Once again, it is physically impossible for the DE08 or DE08-2 cores to resolve CO2 shifts that occur over periods of less than 60 years; and it is impossible for the DSS core to resolve CO2 shifts of shorter duration than 116 years. Below 120 m in the DSS core, the resolution may actually even be much worse than 116 years. There is a pronounce decline in the sampling rate below 120 m. There is a linear decline from 0.74 m/yr to 0.27 m/yr from 116.9 m down to 523.6 m.
The linear nature of the trend means that this is most likely due to compaction, rather than accumulation rate. If the sampling rate decline is due to compaction, it would only have a minimal effect on resolution. If it’s due to accumulation rate, then the resolution below 120 m could be as poor as ~500 years.
David Middleton says:
October 5, 2011 at 6:58 am
David,
Sorry for the late reply, didn’t check this discussion again until know…
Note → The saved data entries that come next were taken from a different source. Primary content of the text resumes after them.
(* Let $U=\{u_1,\dots,u_{2^m}\}\subseteq\mathbb{F}_2^n\setminus\{0\}$ be a set of $2^m$ distinct nonzero vectors, and let $B:\mathbb{F}_2^n\to\mathbb{F}_2^m$ be a uniformly random linear map. Fix $y\in\mathbb{F}_2^m$ and define $Z_y:=|\{i: Bu_i=y\}|$. Then for every integer $r\ge 0$, with $a=\lceil\log(r+2)\rceil$, \[ \Pr[Z_y>r]\le\left(\prod_{j=0}^{a-1}(r+2-2^j)\right)^{-1}. \]
   Context: $\log$ denotes the base-$2$ logarithm. A uniformly random linear map $\mathbb{F}_2^n\to\mathbb{F}_2^m$ is one chosen uniformly among all linear maps. *)

theory Defs
  imports "HOL-Analysis.Analysis" "HOL-Probability.Probability" "HOL-Library.Z2"
begin

text \<open>Vectors of F_2^n are rendered as bit ^ 'n; a linear map F_2^n -> F_2^m is
  given by its matrix bit ^ 'n ^ 'm acting via *v.\<close>

end

theory Submission
  imports Defs
begin

text \<open>Count the lists of \<open>a\<close> distinct, linearly independent vectors of \<open>U\<close> that \<open>B\<close>
  maps to \<open>y\<close>. A fixed independent list is mapped onto any prescribed values by the
  fraction \<open>2\<^sup>-\<^sup>m\<^sup>a\<close> of all matrices, and there are at most \<open>|U|\<^sup>a = 2\<^sup>m\<^sup>a\<close> such lists, so the
  expected count is at most \<open>1\<close>. If \<open>Z\<^sub>y > r\<close>, the fibre \<open>S\<close> has at least \<open>r + 1\<close> nonzero
  elements, and the span of \<open>j\<close> chosen vectors meets \<open>S\<close> in at most \<open>2\<^sup>j - 1\<close> of them;
  choosing greedily gives at least \<open>\<Prod>\<^sub>j\<^sub><\<^sub>a (r + 2 - 2\<^sup>j)\<close> lists, a positive number
  by the choice of \<open>a\<close>. Markov's inequality concludes.\<close>

lemma UNIV_bit: "(UNIV :: bit set) = {0, 1}"
  by (auto intro: bit.exhaust)

instance bit :: finite
  by standard (simp only: UNIV_bit finite.intros)

lemma CARD_bit [simp]: "CARD(bit) = 2"
  by (simp only: UNIV_bit) simp

lemma card_vec_span_le:
  fixes A :: "('a::{field,finite} ^ 'n) set"
  shows "card (vec.span A) \<le> CARD('a) ^ card A"
proof -
  define comb where "comb u = (\<Sum>v\<in>A. u v *s v)" for u :: "'a ^ 'n \<Rightarrow> 'a"
  have "vec.span A = range comb"
    by (simp add: vec.span_finite comb_def)
  also have "\<dots> \<subseteq> comb ` (A \<rightarrow>\<^sub>E UNIV)"
  proof
    fix x assume "x \<in> range comb"
    then obtain u where "x = comb u" by blast
    moreover have "comb u = comb (restrict u A)"
      unfolding comb_def by (rule sum.cong) simp_all
    ultimately show "x \<in> comb ` (A \<rightarrow>\<^sub>E UNIV)"
      by (intro image_eqI[of _ _ "restrict u A"]) auto
  qed
  finally have "card (vec.span A) \<le> card (comb ` (A \<rightarrow>\<^sub>E UNIV))"
    by (intro card_mono) simp_all
  also have "\<dots> \<le> card (A \<rightarrow>\<^sub>E (UNIV :: 'a set))"
    by (intro card_image_le) (simp add: finite_PiE)
  also have "\<dots> = CARD('a) ^ card A"
    by (simp add: card_PiE)
  finally show ?thesis .
qed

lemma card_le_card_Diff_vec_span:
  fixes S T :: "('a::{field,finite} ^ 'n) set"
  assumes "0 \<notin> S"
  shows "card S + 1 \<le> card (S - vec.span T) + CARD('a) ^ card T"
proof -
  have "card S = card (S \<inter> vec.span T) + card (S - vec.span T)"
    by (simp add: card_Int_Diff)
  moreover have "card (S \<inter> vec.span T) \<le> card (vec.span T - {0})"
    using assms by (intro card_mono) auto
  moreover have "card (vec.span T - {0}) + 1 = card (vec.span T)"
    using vec.span_zero[of T] card_Diff_singleton[of 0 "vec.span T"] card_gt_0_iff[of "vec.span T"]
    by fastforce
  ultimately show ?thesis
    using card_vec_span_le[of T] by linarith
qed

definition independent_lists :: "('a::field ^ 'n) set \<Rightarrow> nat \<Rightarrow> ('a ^ 'n) list set" where
  "independent_lists S j =
     {ts. length ts = j \<and> set ts \<subseteq> S \<and> distinct ts \<and> vec.independent (set ts)}"

lemma finite_independent_lists [simp]:
  "finite (independent_lists (S :: ('a::{field,finite} ^ 'n) set) j)"
proof (rule finite_subset)
  show "independent_lists S j \<subseteq> {ts. set ts \<subseteq> S \<and> length ts = j}"
    by (auto simp: independent_lists_def)
qed (simp add: finite_lists_length_eq)

lemma card_independent_lists_le:
  fixes S :: "('a::{field,finite} ^ 'n) set"
  shows "card (independent_lists S j) \<le> card S ^ j"
proof -
  have "card (independent_lists S j) \<le> card {ts. set ts \<subseteq> S \<and> length ts = j}"
    by (intro card_mono) (auto simp: independent_lists_def finite_lists_length_eq)
  then show ?thesis
    by (simp add: card_lists_length_eq)
qed

lemma independent_lists_Suc:
  "independent_lists S (Suc j) =
     (\<lambda>(ts, v). v # ts) ` (SIGMA ts:independent_lists S j. S - vec.span (set ts))"
proof (intro equalityI subsetI)
  fix xs assume "xs \<in> independent_lists S (Suc j)"
  then obtain v ts where xs: "xs = v # ts" and "v \<in> S" "v \<notin> set ts"
      and "vec.independent (insert v (set ts))" "ts \<in> independent_lists S j"
    by (cases xs) (auto simp: independent_lists_def vec.independent_insert)
  then show "xs \<in> (\<lambda>(ts, v). v # ts) ` (SIGMA ts:independent_lists S j. S - vec.span (set ts))"
    by (auto simp: vec.independent_insert)
next
  fix xs
  assume "xs \<in> (\<lambda>(ts, v). v # ts) ` (SIGMA ts:independent_lists S j. S - vec.span (set ts))"
  then obtain ts v where "xs = v # ts" "ts \<in> independent_lists S j"
      and "v \<in> S" "v \<notin> vec.span (set ts)"
    by auto
  then show "xs \<in> independent_lists S (Suc j)"
    using vec.span_base[of v "set ts"]
    by (auto simp: independent_lists_def vec.independent_insertI)
qed

lemma card_independent_lists_Suc:
  fixes S :: "('a::{field,finite} ^ 'n) set"
  shows "card (independent_lists S (Suc j)) =
           (\<Sum>ts\<in>independent_lists S j. card (S - vec.span (set ts)))"
proof -
  have "inj_on (\<lambda>(ts, v). v # ts) (SIGMA ts:independent_lists S j. S - vec.span (set ts))"
    by (auto simp: inj_on_def)
  then show ?thesis
    by (simp add: independent_lists_Suc card_image card_SigmaI)
qed

lemma prod_le_card_independent_lists:
  fixes S :: "('a::{field,finite} ^ 'n) set" and k :: real
  assumes "0 \<notin> S" "k \<le> real (card S) + 1" "\<And>i. i < j \<Longrightarrow> real CARD('a) ^ i \<le> k"
  shows "(\<Prod>i<j. k - real CARD('a) ^ i) \<le> card (independent_lists S j)"
  using assms(3)
proof (induction j)
  case 0
  have "independent_lists S 0 = {[]}"
    by (auto simp: independent_lists_def vec.independent_empty)
  then show ?case by simp
next
  case (Suc j)
  have "(\<Prod>i<Suc j. k - real CARD('a) ^ i)
          = (\<Prod>i<j. k - real CARD('a) ^ i) * (k - real CARD('a) ^ j)"
    by simp
  also have "\<dots> \<le> card (independent_lists S j) * (k - real CARD('a) ^ j)"
    using Suc by (intro mult_right_mono) auto
  also have "\<dots> = (\<Sum>ts\<in>independent_lists S j. k - real CARD('a) ^ j)"
    by simp
  also have "\<dots> \<le> (\<Sum>ts\<in>independent_lists S j. real (card (S - vec.span (set ts))))"
  proof (rule sum_mono)
    fix ts assume "ts \<in> independent_lists S j"
    then have "card (set ts) = j"
      by (simp add: independent_lists_def distinct_card)
    with card_le_card_Diff_vec_span[OF assms(1), of "set ts"]
    have "real (card S) + 1 \<le> card (S - vec.span (set ts)) + real CARD('a) ^ j"
      by (metis of_nat_1 of_nat_add of_nat_le_iff of_nat_power)
    then show "k - real CARD('a) ^ j \<le> card (S - vec.span (set ts))"
      using assms(2) by linarith
  qed
  also have "\<dots> = card (independent_lists S (Suc j))"
    by (simp add: card_independent_lists_Suc)
  finally show ?case .
qed

lemma matrix_interpolation:
  fixes ts :: "('a::field ^ 'n) list" and zs :: "('a ^ 'm) list"
  assumes "distinct ts" "vec.independent (set ts)" "length zs = length ts"
  obtains B :: "'a ^ 'n ^ 'm" where "map (\<lambda>t. B *v t) ts = zs"
proof -
  obtain g where g: "Vector_Spaces.linear (*s) (*s) g"
      "\<And>t. t \<in> set ts \<Longrightarrow> g t = the (map_of (zip ts zs) t)"
    using vec.linear_independent_extend[OF assms(2), of "\<lambda>t. the (map_of (zip ts zs) t)"]
    by auto
  have "map (\<lambda>t. matrix g *v t) ts = zs"
  proof (rule nth_equalityI)
    fix i assume "i < length (map (\<lambda>t. matrix g *v t) ts)"
    then show "map (\<lambda>t. matrix g *v t) ts ! i = zs ! i"
      using assms map_of_zip_nth[of ts zs i] by (simp add: matrix_works[OF g(1)] g(2))
  qed (use assms in simp)
  then show ?thesis
    by (rule that)
qed

text \<open>The fibres of \<open>B \<mapsto> map ((*v) B) ts\<close> are translates of its kernel, and by
  \<open>matrix_interpolation\<close> all \<open>CARD('a ^ 'm) ^ length ts\<close> of them are nonempty.\<close>

lemma card_matrices_interpolating:
  fixes ts :: "('a::{field,finite} ^ 'n) list" and zs :: "('a ^ 'm) list"
  assumes "distinct ts" "vec.independent (set ts)" "length zs = length ts"
  shows "card {B :: 'a ^ 'n ^ 'm. map (\<lambda>t. B *v t) ts = zs} * CARD('a ^ 'm) ^ length ts
           = CARD('a ^ 'n ^ 'm)"
proof -
  define F where "F ws = {B :: 'a ^ 'n ^ 'm. map (\<lambda>t. B *v t) ts = ws}" for ws
  define Z where "Z = {ws :: ('a ^ 'm) list. set ws \<subseteq> UNIV \<and> length ws = length ts}"
  define zeros where "zeros = replicate (length ts) (0 :: 'a ^ 'm)"
  have card_F: "card (F ws) = card (F zeros)" if "ws \<in> Z" for ws
  proof -
    have "length ws = length ts"
      using that by (simp add: Z_def)
    then obtain B0 where "map (\<lambda>t. B0 *v t) ts = ws"
      by (rule matrix_interpolation[OF assms(1,2)])
    then have B0: "B0 \<in> F ws"
      by (simp add: F_def)
    have "F ws = (+) B0 ` F zeros"
    proof (intro equalityI subsetI)
      fix C assume "C \<in> F ws"
      then have "C - B0 \<in> F zeros"
        using B0 by (auto simp: F_def zeros_def matrix_vector_mult_diff_rdistrib
            list_eq_iff_nth_eq)
      then show "C \<in> (+) B0 ` F zeros"
        by (intro image_eqI[of _ _ "C - B0"]) auto
    qed (use B0 in \<open>auto simp: F_def zeros_def matrix_vector_mult_add_rdistrib
           list_eq_iff_nth_eq\<close>)
    then show ?thesis
      by (simp add: card_image)
  qed
  have "finite Z" "card Z = CARD('a ^ 'm) ^ length ts"
    unfolding Z_def by (simp_all only: finite_lists_length_eq card_lists_length_eq finite)
  have "CARD('a ^ 'n ^ 'm) = card (\<Union>ws\<in>Z. F ws)"
    by (rule arg_cong[of _ _ card]) (auto simp: F_def Z_def)
  also have "\<dots> = (\<Sum>ws\<in>Z. card (F ws))"
    using \<open>finite Z\<close> by (rule card_UN_disjoint) (auto simp: F_def)
  also have "\<dots> = card (F zs) * CARD('a ^ 'm) ^ length ts"
    using \<open>card Z = _\<close> card_F card_F[of zs] assms(3) by (simp add: Z_def)
  finally show ?thesis
    by (simp add: F_def)
qed

lemma expectation_card_independent_lists_fibre:
  fixes U :: "('a::{field,finite} ^ 'n) set" and y :: "'a ^ 'm"
  shows "measure_pmf.expectation (pmf_of_set (UNIV :: ('a ^ 'n ^ 'm) set))
           (\<lambda>B. real (card (independent_lists {u \<in> U. B *v u = y} j)))
         = card (independent_lists U j) / real CARD('a ^ 'm) ^ j"
proof -
  define L where "L = independent_lists U j"
  have fibre: "independent_lists {u \<in> U. B *v u = y} j = {ts \<in> L. \<forall>t\<in>set ts. B *v t = y}"
    for B
    by (auto simp: L_def independent_lists_def)
  have count: "real (card {B :: 'a ^ 'n ^ 'm. \<forall>t\<in>set ts. B *v t = y})
                 = CARD('a ^ 'n ^ 'm) / real CARD('a ^ 'm) ^ j" if "ts \<in> L" for ts
  proof -
    have "{B :: 'a ^ 'n ^ 'm. \<forall>t\<in>set ts. B *v t = y}
            = {B. map (\<lambda>t. B *v t) ts = replicate (length ts) y}"
      by (simp add: map_eq_conv flip: map_replicate_const)
    with that card_matrices_interpolating[of ts "replicate (length ts) y"]
    have "card {B :: 'a ^ 'n ^ 'm. \<forall>t\<in>set ts. B *v t = y} * CARD('a ^ 'm) ^ j
            = CARD('a ^ 'n ^ 'm)"
      by (simp add: L_def independent_lists_def)
    then show ?thesis
      by (simp add: eq_divide_eq flip: of_nat_mult of_nat_power)
  qed
  have "(\<Sum>B\<in>UNIV. real (card {ts \<in> L. \<forall>t\<in>set ts. B *v t = y}))
          = (\<Sum>ts\<in>L. real (card {B :: 'a ^ 'n ^ 'm. \<forall>t\<in>set ts. B *v t = y}))"
    using sum.swap[of "\<lambda>B ts. of_bool (\<forall>t\<in>set ts. B *v t = y) :: real" L UNIV]
    by (simp add: L_def Int_def conj_commute)
  also have "\<dots> = card L * (CARD('a ^ 'n ^ 'm) / real CARD('a ^ 'm) ^ j)"
    by (simp add: count)
  finally show ?thesis
    by (simp add: integral_pmf_of_set fibre L_def)
qed

lemma expectation_card_independent_lists_fibre_le_1:
  fixes U :: "('a::{field,finite} ^ 'n) set" and y :: "'a ^ 'm"
  assumes "card U \<le> CARD('a ^ 'm)"
  shows "measure_pmf.expectation (pmf_of_set (UNIV :: ('a ^ 'n ^ 'm) set))
           (\<lambda>B. real (card (independent_lists {u \<in> U. B *v u = y} j))) \<le> 1"
proof -
  have "card (independent_lists U j) \<le> CARD('a ^ 'm) ^ j"
    by (rule order.trans[OF card_independent_lists_le power_mono[OF assms]]) simp
  then have "real (card (independent_lists U j)) \<le> real CARD('a ^ 'm) ^ j"
    by (metis of_nat_le_iff of_nat_power)
  then show ?thesis
    by (simp only: expectation_card_independent_lists_fibre divide_le_eq_1) simp
qed

lemma power_less_of_less_nat_ceiling_log:
  fixes b x :: real
  assumes "1 < b" "0 < x" "j < nat \<lceil>log b x\<rceil>"
  shows "b ^ j < x"
proof -
  have "int j < \<lceil>log b x\<rceil>"
    using assms(3) by simp
  then have "real j < log b x"
    by (simp add: less_ceiling_iff)
  then show ?thesis
    using assms(1,2) by (simp add: less_log_iff powr_realpow)
qed

theorem theorem2p2:
  fixes U :: "(bit ^ 'n) set" and y :: "bit ^ 'm" and r :: nat
  assumes "card U = 2 ^ CARD('m)"
    and "0 \<notin> U"
  shows "measure_pmf.prob (pmf_of_set (UNIV :: (bit ^ 'n ^ 'm) set))
           {B. card {u \<in> U. B *v u = y} > r}
         \<le> 1 / (\<Prod>j<nat \<lceil>log 2 (real r + 2)\<rceil>. (real r + 2 - 2 ^ j))"
proof -
  define a where "a = nat \<lceil>log 2 (real r + 2)\<rceil>"
  define P where "P = (\<Prod>j<a. real r + 2 - 2 ^ j)"
  define X where "X B = real (card (independent_lists {u \<in> U. B *v u = y} a))"
    for B :: "bit ^ 'n ^ 'm"
  let ?M = "measure_pmf (pmf_of_set (UNIV :: (bit ^ 'n ^ 'm) set))"
  have pow_less: "2 ^ j < real r + 2" if "j < a" for j
    using power_less_of_less_nat_ceiling_log[of 2 "real r + 2" j] that by (simp add: a_def)
  then have "P > 0"
    by (auto simp: P_def intro: prod_pos)
  have "{B. card {u \<in> U. B *v u = y} > r} \<subseteq> {B \<in> space ?M. X B \<ge> P}"
    using prod_le_card_independent_lists[of "{u \<in> U. B *v u = y}" "real r + 2" a for B]
      assms(2) pow_less by (force simp: X_def P_def)
  then have "measure ?M {B. card {u \<in> U. B *v u = y} > r}
               \<le> measure ?M {B \<in> space ?M. X B \<ge> P}"
    by (intro measure_pmf.finite_measure_mono) simp_all
  also have "\<dots> \<le> measure_pmf.expectation (pmf_of_set UNIV) X / P"
    using \<open>P > 0\<close> by (intro integral_Markov_inequality_measure[where A = UNIV])
      (simp_all add: integrable_measure_pmf_finite X_def)
  also have "\<dots> \<le> 1 / P"
  proof (intro divide_right_mono)
    show "measure_pmf.expectation (pmf_of_set UNIV) X \<le> 1"
      unfolding X_def using assms(1) by (intro expectation_card_independent_lists_fibre_le_1) simp
  qed (use \<open>P > 0\<close> in simp)
  finally show ?thesis
    by (simp add: a_def P_def)
qed

end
Again you are mixing the average gas age and the distribution of the age in the bubbles. Indeed it takes 40 years until closing depth, but because the still open connection with the atmosphere, the average age of the air at that moment is 10 years older than in the atmosphere, not 20 years. Even if for slower accumulating ice cores, the ice age was already 500 years at closing depth, that wouldn’t change the average gas age much from the 10 years, as mean gas age and ice age are independent of each other (only temperature plays some role for both). 80% of the gas mixture is 5-15 years old in both cases, 10% is younger and 10% is older, where the older part has a very long tail up to 40 years (or 500 years for other cores).
The mean air age of the DE08 core was calculated from a firn densification model and confirmed by direct measurements of CO2 levels in the firn: because there is an overlap of 20 years between direct measurements at the South Pole and in the firn and there is a trend in the atmospheric CO2 levels, we know the average age of the gas mixture in the firn. Other items (CH4, bomb 14CO2, CFC’s) did confirm that. Thus the average gas age at the “1939″ ice layer was a mixture of 1939-1979 (not 1969) air and the mean age of that air was certainly at 1969, because that is what was measured. The mixture of gas ages is not a normal Gaussian distribution, it is quite assymetric, as fig. 11 in http://courses.washington.edu/proxies/GHG.pdf shows.
So you are right that the DE08 mixture has a distribution of air over a period of 40 years, but most of the air is in the +/- 5 years range around the mean gas age. The total distribution is not relevant to detect any peak in CO2 levels for a short or longer period, because the values around the average gas age have enough amplitude to detect any change of 20 ppmv over one year or 2 ppmv sustained over 20 years. That is much sharper than what you expect from a Gaussian distribution.
Even a sinusoidal CO2 level variation with a wavelength of 20 years and an amplitude of 20 ppmv would be detected in the DE08 core of Law Dome. That is by far sharp enough to reject the high(er) amplitudes seen in stomata data or the 1942 “peak” from historical CO2 measurements by wet chemical methods. And sharp enough to know from the DSS core that the LIA had CO2 levels at some 6 ppmv lower than during the MWP. Or sharp enough to detect a 100 ppmv increase over 100 years, like we have nowadays, in the Vostok or Dome C ice cores in the 800 kyr past.